The net income would be around 4.187,10 €

He would also get 3.647 euros for compensation work for which he will have to pay his trips to and from Berlin as well as a second flat and office if he does not live there permanently. Most deputies fall under this category as Germany is a federal state where members of the Bundestag are expected to spend quite some time in their constituencies and Berlin is far from most other big population centres in Germany. You cannot be just commuting from Munich, Cologne or Hamburg every day.

If the German Bundestag member does not spend a lot, he would give around 500 euros for a second flat in Berlin. He would also give something like 500 euros for an office there and 500 for an office in his constituency and around 1000 (this is not compulsory!) for his party if he really expects to have the chance to be elected again. The German government will pay the salary for possible assistants directly to them.

The salary of a German teacher
varies a lot depending whether he is a "Beamter", a public servant for life, or a normal employee. If he is the former and he is a single person without children, he will get 2300 euros net and will have no right to strike. If he is just a state employee (as it is the case in Eastern Germany and for some teachers in Western Germany), he would get 1600 euros (again, if single and no kids). This is a big difference, but still the dimensions are way from what we see in Venezuela.

The following chars try to put in perspective what deputies in Venezuela and Germany earn gross. The blue part of the first chart shows what percentage of the "deputy pie" a Venezuelan secondary school teacher gets and the second one what a German teacher gets of the German pie a Bundestag member gets.

Basically, a Venezuelan teacher earns 5.5% of what a Venezuelan deputy earns.
A German teacher earns 42,8% of what a member of the Bundestag earns (gross salary).

Salary is not everything. Teachers also need to have had a very good education, they need to have gone through a strict selection process, they need to get all the time intellectual and other professional stimuli (formation courses being just one example), they need to have good teaching materials at hand and not too many pupils for each classroom. Last but not least, they need to have some status based on what they earn compared to others. As we have seen, deputies in Venezuela earn like little satraps in comparison to what the general population earns.

One cannot be surprised that Venezuela was LAST in Unesco's 1998 test for mathematics in Latin American secondary schools: it was behind Cuba, Mexico, Brazil, Colombia, Argentina, Chile, Uruguay, Paraguay, Peru, Ecuador, even Bolivia and the Dominican Republic. The salary is not everything, but one sees what a "wonderful example" the socialist deputies (and all other high officials of this regime) are giving to the people.

Chávez declared some time ago he expected high politicians to reduce their salaries and donate something.

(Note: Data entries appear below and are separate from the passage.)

lemma integrable_rwm_proposal_mult:
  fixes \<phi> :: "'a::euclidean_space \<Rightarrow> real"
  assumes h: "0 < h" and [measurable]: "\<phi> \<in> borel_measurable borel"
    and bound: "\<And>z. \<bar>\<phi> z\<bar> \<le> exp ((z - \<mu>) \<bullet> v) + exp (- ((z - \<mu>) \<bullet> v))"
  shows "integrable lborel (\<lambda>z. rwm_proposal h \<mu> z * \<phi> z)"
proof (rule Bochner_Integration.integrable_bound)
  show "integrable lborel (\<lambda>z. rwm_proposal h \<mu> z * exp ((z - \<mu>) \<bullet> v)
                              + rwm_proposal h \<mu> z * exp (- ((z - \<mu>) \<bullet> v)))"
    using has_bochner_integral_rwm_proposal_exp_inner[OF h, of \<mu> 1 v]
      has_bochner_integral_rwm_proposal_exp_inner[OF h, of \<mu> "-1" v]
    by (intro Bochner_Integration.integrable_add) (simp_all add: has_bochner_integral_iff)
  show "AE z in lborel. norm (rwm_proposal h \<mu> z * \<phi> z)
          \<le> norm (rwm_proposal h \<mu> z * exp ((z - \<mu>) \<bullet> v)
                  + rwm_proposal h \<mu> z * exp (- ((z - \<mu>) \<bullet> v)))"
  proof (rule AE_I2)
    fix z
    have "rwm_proposal h \<mu> z * \<bar>\<phi> z\<bar>
        \<le> rwm_proposal h \<mu> z * (exp ((z - \<mu>) \<bullet> v) + exp (- ((z - \<mu>) \<bullet> v)))"
      by (intro mult_left_mono bound rwm_proposal_nonneg)
    then show "norm (rwm_proposal h \<mu> z * \<phi> z)
        \<le> norm (rwm_proposal h \<mu> z * exp ((z - \<mu>) \<bullet> v)
                + rwm_proposal h \<mu> z * exp (- ((z - \<mu>) \<bullet> v)))"
      by (simp add: abs_mult distrib_left rwm_proposal_nonneg)
  qed
qed measurable

lemma integrable_rwm_proposal_inner:
  assumes "0 < h"
  shows "integrable lborel (\<lambda>z. rwm_proposal h \<mu> z * ((z - \<mu>) \<bullet> v))"
proof (rule integrable_rwm_proposal_mult[OF assms])
  fix z
  let ?y = "(z - \<mu>) \<bullet> v"
  have "\<bar>?y\<bar> \<le> 2 + ?y\<^sup>2"
    using zero_le_power2[of "\<bar>?y\<bar> - 1"] zero_le_power2[of ?y]
    unfolding power2_diff power2_abs one_power2 mult_1_right by linarith
  then show "\<bar>?y\<bar> \<le> exp ?y + exp (- ?y)"
    using exp_add_exp_minus_ge[of ?y] by linarith
qed measurable

lemma integrable_rwm_proposal_inner_sq:
  assumes "0 < h"
  shows "integrable lborel (\<lambda>z. rwm_proposal h \<mu> z * ((z - \<mu>) \<bullet> v)\<^sup>2)"
proof (rule integrable_rwm_proposal_mult[OF assms])
  fix z
  show "\<bar>((z - \<mu>) \<bullet> v)\<^sup>2\<bar> \<le> exp ((z - \<mu>) \<bullet> v) + exp (- ((z - \<mu>) \<bullet> v))"
    using exp_add_exp_minus_ge[of "(z - \<mu>) \<bullet> v"] by simp
qed measurable

lemma integral_rwm_proposal_inner:
  assumes "0 < h"
  shows "integral\<^sup>L lborel (\<lambda>z. rwm_proposal h \<mu> z * ((z - \<mu>) \<bullet> v)) = 0"
proof -
  let ?F = "\<lambda>z. rwm_proposal h \<mu> z * ((z - \<mu>) \<bullet> v)"
  have "?F (2 *\<^sub>R \<mu> - z) = - ?F z" for z
  proof -
    have reflected: "2 *\<^sub>R \<mu> - z - \<mu> = - (z - \<mu>)" by (simp add: algebra_simps scaleR_2)
    show ?thesis
      unfolding rwm_proposal_def reflected by (simp add: norm_minus_commute[of \<mu> z] inner_diff_left right_diff_distrib)
  qed
  moreover have "has_bochner_integral lborel ?F (integral\<^sup>L lborel ?F)"
    using integrable_rwm_proposal_inner[OF assms] by (simp add: has_bochner_integral_iff)
  ultimately have "has_bochner_integral lborel (\<lambda>z. - ?F z) (integral\<^sup>L lborel ?F)"
    using has_bochner_integral_lborel_reflect_iff[of ?F "2 *\<^sub>R \<mu>"] by simp
  then show ?thesis
    using has_bochner_integral_minus[OF \<open>has_bochner_integral lborel ?F _\<close>]
    by (auto dest: has_bochner_integral_eq)
qed

lemma integral_rwm_proposal_inner_sq_le_exp:
  fixes \<mu> v :: "'a::euclidean_space"
  assumes h: "0 < h" and s: "0 < s"
  defines "c \<equiv> h\<^sup>2 * (norm v)\<^sup>2 / 2"
  shows "integral\<^sup>L lborel (\<lambda>z. rwm_proposal h \<mu> z * ((z - \<mu>) \<bullet> v)\<^sup>2) \<le> 2 * c * exp (s\<^sup>2 * c)"
proof -
  let ?g = "rwm_proposal h \<mu>" and ?y = "\<lambda>z. (z - \<mu>) \<bullet> v"
  define I where "I = integral\<^sup>L lborel (\<lambda>z. ?g z * (?y z)\<^sup>2)"
  have "g + s\<^sup>2 / 2 * (g * t\<^sup>2) \<le> (g * exp (s * t) + g * exp ((-s) * t)) / 2"
    if "0 \<le> g" for g t :: real
    using mult_left_mono[OF exp_add_exp_minus_ge[of "s * t"] that]
    by (simp add: power_mult_distrib algebra_simps)
  then have pointwise: "?g z + s\<^sup>2 / 2 * (?g z * (?y z)\<^sup>2)
      \<le> (?g z * exp (s * ?y z) + ?g z * exp ((-s) * ?y z)) / 2" for z
    using rwm_proposal_nonneg by blast
  note mgf = has_bochner_integral_rwm_proposal_exp_inner[OF h, of \<mu> s v]
    has_bochner_integral_rwm_proposal_exp_inner[OF h, of \<mu> "-s" v]
  have "1 + s\<^sup>2 / 2 * I = integral\<^sup>L lborel (\<lambda>z. ?g z + s\<^sup>2 / 2 * (?g z * (?y z)\<^sup>2))"
    using has_bochner_integral_rwm_proposal[OF h, of \<mu>] integrable_rwm_proposal_inner_sq[OF h, of \<mu> v]
    unfolding I_def by (simp add: has_bochner_integral_iff)
  also have "\<dots> \<le> integral\<^sup>L lborel (\<lambda>z. (?g z * exp (s * ?y z) + ?g z * exp ((-s) * ?y z)) / 2)"
    using has_bochner_integral_rwm_proposal[OF h, of \<mu>] integrable_rwm_proposal_inner_sq[OF h, of \<mu> v] mgf
    by (intro integral_mono pointwise) (auto simp: has_bochner_integral_iff)
  also have "\<dots> = exp (s\<^sup>2 * c)"
    using mgf unfolding c_def by (simp add: has_bochner_integral_iff)
  finally have "s\<^sup>2 / 2 * I \<le> exp (s\<^sup>2 * c) - 1" by simp
  also have "\<dots> \<le> s\<^sup>2 / 2 * (2 * c * exp (s\<^sup>2 * c))"
  proof -
    have "(1 - s\<^sup>2 * c) * exp (s\<^sup>2 * c) \<le> exp (- (s\<^sup>2 * c)) * exp (s\<^sup>2 * c)"
      using exp_ge_add_one_self[of "- (s\<^sup>2 * c)"] by (intro mult_right_mono) auto
    then show ?thesis by (simp add: exp_minus field_simps)
  qed
  finally show ?thesis using s unfolding I_def by simp
qed
(* Let $T=(T_1,\dots,T_N)$ be an $N$-tuple of $1$-currents in $\mathbb{R}^n$ with locally finite joint mass such that \[ \sum_{k=1}^N\int_\Omega\vec T_k\cdot D_{\vec T_k}\psi\,d\|T\|=0\quad\text{for all }\psi\in C^\infty_0(\Omega;\mathbb{R}^n). \] Let $w\in W^{1,\infty}_0(\Omega;\mathbb{R}^N)$. If the local $L^2$-representative of $Dw$ with respect to $\|T\|\llcorner\Omega$ exists and equals $0$, then $w=0$ on $\operatorname{supp}T$ (here $w$ is the continuous representative, extended by $0$ to $\partial\Omega$).
   Context: $\Omega\subseteq\mathbb{R}^n$ is a bounded domain with smooth boundary. $\mathcal{D}^1(\mathbb{R}^n)$ is the space of smooth compactly supported $1$-forms; a $1$-current is a continuous linear functional on it. An $N$-tuple $T$ of $1$-currents has locally finite joint mass if for every compact $K$, $\sup\{\sum_kT_k(\omega_k):\operatorname{supp}\omega_k\subseteq K,\ \sup\sum_k|\omega_k|^2\le1\}<\infty$; then $T_k(\omega)=\int\omega(\vec T_k)\,d\|T\|$ for a unique Radon measure $\|T\|$ and $\|T\|$-measurable vector fields $\vec T_k\colon\mathbb{R}^n\to\mathbb{R}^n$ with $\sum_k|\vec T_k|^2=1$ $\|T\|$-a.e. $D_v\psi=(D\psi)v$ denotes the directional derivative. $\operatorname{supp}T$ is the complement of the largest open set on which all $T_k$ vanish. Local $L^2$-representative: for a Radon measure $\mu$ on $\Omega$ and $f\in L^1_{\mathrm{loc}}(\Omega;\mathbb{R}^{N\times n})$, $g\in L^2_{\mathrm{loc}}(\mu)$ is the local $L^2$-representative of $f$ w.r.t. $\mu$ if for every compact $K\subset\Omega$ and every $\eta\in C^\infty_0(\mathbb{R}^n)$ with $\int\eta=1$, with $\eta_\epsilon(x)=\epsilon^{-n}\eta(x/\epsilon)$, $\lim_{\epsilon\searrow0}\int_K|g-\eta_\epsilon*f|^2d\mu=0$. *)

theory Defs
  imports "HOL-Analysis.Analysis"
begin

He himself donated some dollars he got from Khadaffi for a prize for Human Rights (yeah) and one of his politicians declared he was donating part of his library to the country. I haven't heard much of the others. Meanwhile, everyone in Barinas, Chavez's region, speculates about the land the Chávez clan possesses now and what all his relatives working in high posts might be earning.

And yesterday Chávez declared he will push again for a reform to allow himself to be reelected without any limit.


  1. You write that a Venezuelan teacher with no child makes "X" amount. Does a teacher with 2 or 3 children make more? Does a teacher with 10 years experience make more than a teacher with one year experience?

  2. Hi, John. Yes, a teacher gets some extra money for each child and he/she gets more money for each year of experience, like elsewhere, but it is not much.

    I put the case single-no child for the sake of simplicity and time: I would have to spend more time calculating deputies' and teachers' salaries for Germany for 2 children and X year. If I have time, I do a couple of other cases, but it won't change the whole picture:

    in poor Venezuela (and my country is poor in spite of all the oil), the difference between the salaries of deputies and teachers is much bigger than in Germany (or many other countries), Venezuelan deputies are earning even in absolute terms more than German deputies (which is a lot) and the purchasing power of Venezuelan deputies is much higher than that of German deputies, who are not bad off.
    Venezuelan deputies are just one example of the high-ranking bureaucrats we have and they do not represent an example for teachers or anyone else who is just outside politics.

    There are other problems I will talk about later. I will also explain some ideas about how we could improve things, as far as I see.

    Have you been to Venezuela?

  3. I've never realized that those Venezuelan government SATRAPS have also a 10 month salary bonus!!!!!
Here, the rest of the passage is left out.